Inoltre, non si può sottacere che, nei casi in cui la L. n. 1453 del 1956 rinvia espressamente a norme del codice di rito, detto rinvio è limitato dall’inciso "in quanto applicabili", mentre il termine per proporre impugnazione è inferiore a quello stabilito dal codice di rito (solo dieci giorni).
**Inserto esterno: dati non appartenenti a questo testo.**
lemma circulation_edge_on_sign_constant_cycle:
  fixes d w :: "'a \<Rightarrow> 'a \<Rightarrow> real"
  assumes "finite M"
    and antisym: "\<And>k l. k \<in> M \<Longrightarrow> l \<in> M \<Longrightarrow> d l k = - d k l"
    and w_sym: "\<And>k l. k \<in> M \<Longrightarrow> l \<in> M \<Longrightarrow> w l k = w k l"
    and w_nonneg: "\<And>k l. k \<in> M \<Longrightarrow> l \<in> M \<Longrightarrow> 0 \<le> w k l"
    and circulation: "\<And>l. l \<in> M \<Longrightarrow> (\<Sum>k\<in>M. w k l * d k l) = 0"
    and ij: "i \<in> M" "j \<in> M" "d i j \<noteq> 0" "0 < w i j"
  shows "\<exists>xs. sign_constant_cycle M d xs \<and> (i, j) \<in> cycle_edges xs"
proof (cases "0 < d i j")
  case True
  show ?thesis
    using circulation_positive_edge_on_positive_cycle[OF assms(1-5) ij(1,2) True ij(4)]
    by (auto simp: sign_constant_cycle_def)
next
  case False
  have "\<exists>xs. distinct xs \<and> set xs \<subseteq> M \<and> (i, j) \<in> cycle_edges xs \<and>
             (\<forall>(k, l)\<in>cycle_edges xs. 0 < - d k l)"
  proof (rule circulation_positive_edge_on_positive_cycle[OF assms(1) _ w_sym w_nonneg _ ij(1,2) _ ij(4)])
    show "- d l k = - (- d k l)" if "k \<in> M" "l \<in> M" for k l using antisym[OF that] by simp
    show "(\<Sum>k\<in>M. w k l * - d k l) = 0" if "l \<in> M" for l
      using circulation[OF that] by (simp add: sum_negf)
    show "0 < - d i j" using False ij(3) by simp
  qed
  thus ?thesis by (auto simp: sign_constant_cycle_def)
qed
Peraltro, anche sotto il vigore del precedente codice di procedura penale, esistendo la differenza tra ordinanza che decideva l’incidente di esecuzione (art. 631 c.p.p., comma 2, 1930) e la revoca disposta dalla citata legge, art. 7, era ritenuto ammissibile avverso quest’ultima l’appello, che connota, pure, un’esigenza garantista in considerazione della natura eminentemente fattuale dell’accertamento della pericolosità sociale e della sua cessazione, cui è connesso l’istituto in esame.
Infine il riferimento alla L. n. 1453 del 1956, art. 7 bis, relativo ai permessi per accertamenti sanitari, ammessi per chi è sottoposto all’obbligo di soggiorno, per i quali è previsto quale mezzo di impugnazione il solo ricorso per Cassazione non assume rilievo, poichè il procedimento delineato da detta norma è alquanto snello e risponde alle finalità ed alle caratteristiche di questi permessi, in cui non viene in considerazione la pericolosità sociale, sicchè esiste una netta differenza con le ipotesi di revoca disciplinate dal precedente art. 7 in esame.
Pertanto, poichè erroneamente il Presidente del Tribunale di Milano ha applicato l’art. 666 c.p.p. ed ha emesso il provvedimento "de plano", detto decreto deve essere annullato senza rinvio, poichè occorreva la rituale costituzione del contraddirlo con la partecipazione necessaria del P.M. e del difensore all’udienza camerale innanzi al Tribunale, sicchè l’omessa adozione di questa procedura partecipata ha comportato una nullità assoluta ed insanabile accertabile d’ufficio in ogni stato e grado del giudizio.
L’erronea qualificazione dell’appello come ricorso operato dalla Corte di merito, che non ha rilevato la su indicata nullità assoluta, determina pure l’annullamento senza rinvio di detta ordinanza e la trasmissione degli atti al Tribunale di Milano.
P.Q.M.
Annulla senza rinvio il decreto del Presidente del Tribunale di Milano del 22.5.2007 e l’ordinanza della Corte di appello di Milano emessa in data 8.10.2007 ed dispone la trasmissione degli atti al Tribunale di Milano per il corso ulteriore.